Data for analysis
- Opening Delimiter -
lemma partial_sum_all: "length \<alpha> \<le> k \<Longrightarrow> partial_sum \<alpha> k = sum_list \<alpha>"
  unfolding partial_sum_def by simp

lemma partial_sum_Suc: "b < length \<alpha> \<Longrightarrow> partial_sum \<alpha> (Suc b) = partial_sum \<alpha> b + \<alpha> ! b"
  unfolding partial_sum_def by (simp add: take_Suc_conv_app_nth)

lemma block_of_bounds:
  assumes x: "x \<in> {1..sum_list \<alpha>}"
  shows "block_of \<alpha> x < length \<alpha>" and "partial_sum \<alpha> (block_of \<alpha> x) < x"
    and "x \<le> partial_sum \<alpha> (Suc (block_of \<alpha> x))"
proof -
  have ex: "x \<le> partial_sum \<alpha> (Suc (length \<alpha> - 1))"
    using x partial_sum_all[of \<alpha> "Suc (length \<alpha> - 1)"] by simp
  show "x \<le> partial_sum \<alpha> (Suc (block_of \<alpha> x))"
    unfolding block_of_def by (rule LeastI) (rule ex)
  have "block_of \<alpha> x \<le> length \<alpha> - 1"
    unfolding block_of_def by (rule Least_le) (rule ex)
  moreover have "\<alpha> \<noteq> []" using x by auto
  ultimately show "block_of \<alpha> x < length \<alpha>" by (cases \<alpha>) auto
  show "partial_sum \<alpha> (block_of \<alpha> x) < x"
  proof (cases "block_of \<alpha> x")
    case 0
    then show ?thesis using x by simp
  next
    case (Suc b)
    then have "\<not> x \<le> partial_sum \<alpha> (Suc b)"
      unfolding block_of_def by (metis lessI not_less_Least)
    with Suc show ?thesis by simp
  qed
qed

lemma block_of_eqI:
  assumes "partial_sum \<alpha> b < x" "x \<le> partial_sum \<alpha> (Suc b)"
  shows "block_of \<alpha> x = b"
proof (rule antisym)
  show "block_of \<alpha> x \<le> b"
    unfolding block_of_def by (rule Least_le) (rule assms(2))
  have "x \<le> partial_sum \<alpha> (Suc (block_of \<alpha> x))"
    unfolding block_of_def by (rule LeastI) (rule assms(2))
  with assms(1) have "\<not> Suc (block_of \<alpha> x) \<le> b"
    using partial_sum_mono[of "Suc (block_of \<alpha> x)" b \<alpha>] by linarith
  then show "b \<le> block_of \<alpha> x" by simp
qed

lemma mono_on_block_of: "mono_on {1..sum_list \<alpha>} (block_of \<alpha>)"
proof (rule mono_onI)
  fix x y assume "x \<in> {1..sum_list \<alpha>}" "y \<in> {1..sum_list \<alpha>}" "x \<le> y"
  with block_of_bounds(3)[of y \<alpha>] have "x \<le> partial_sum \<alpha> (Suc (block_of \<alpha> y))" by simp
  then show "block_of \<alpha> x \<le> block_of \<alpha> y"
    unfolding block_of_def by (rule Least_le)
qed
- Closing Delimiter -
What the task requires
Search the records for the word "cases", then list every line that has it.

Answer
  ultimately show "block_of \<alpha> x < length \<alpha>" by (cases \<alpha>) auto
  proof (cases "block_of \<alpha> x")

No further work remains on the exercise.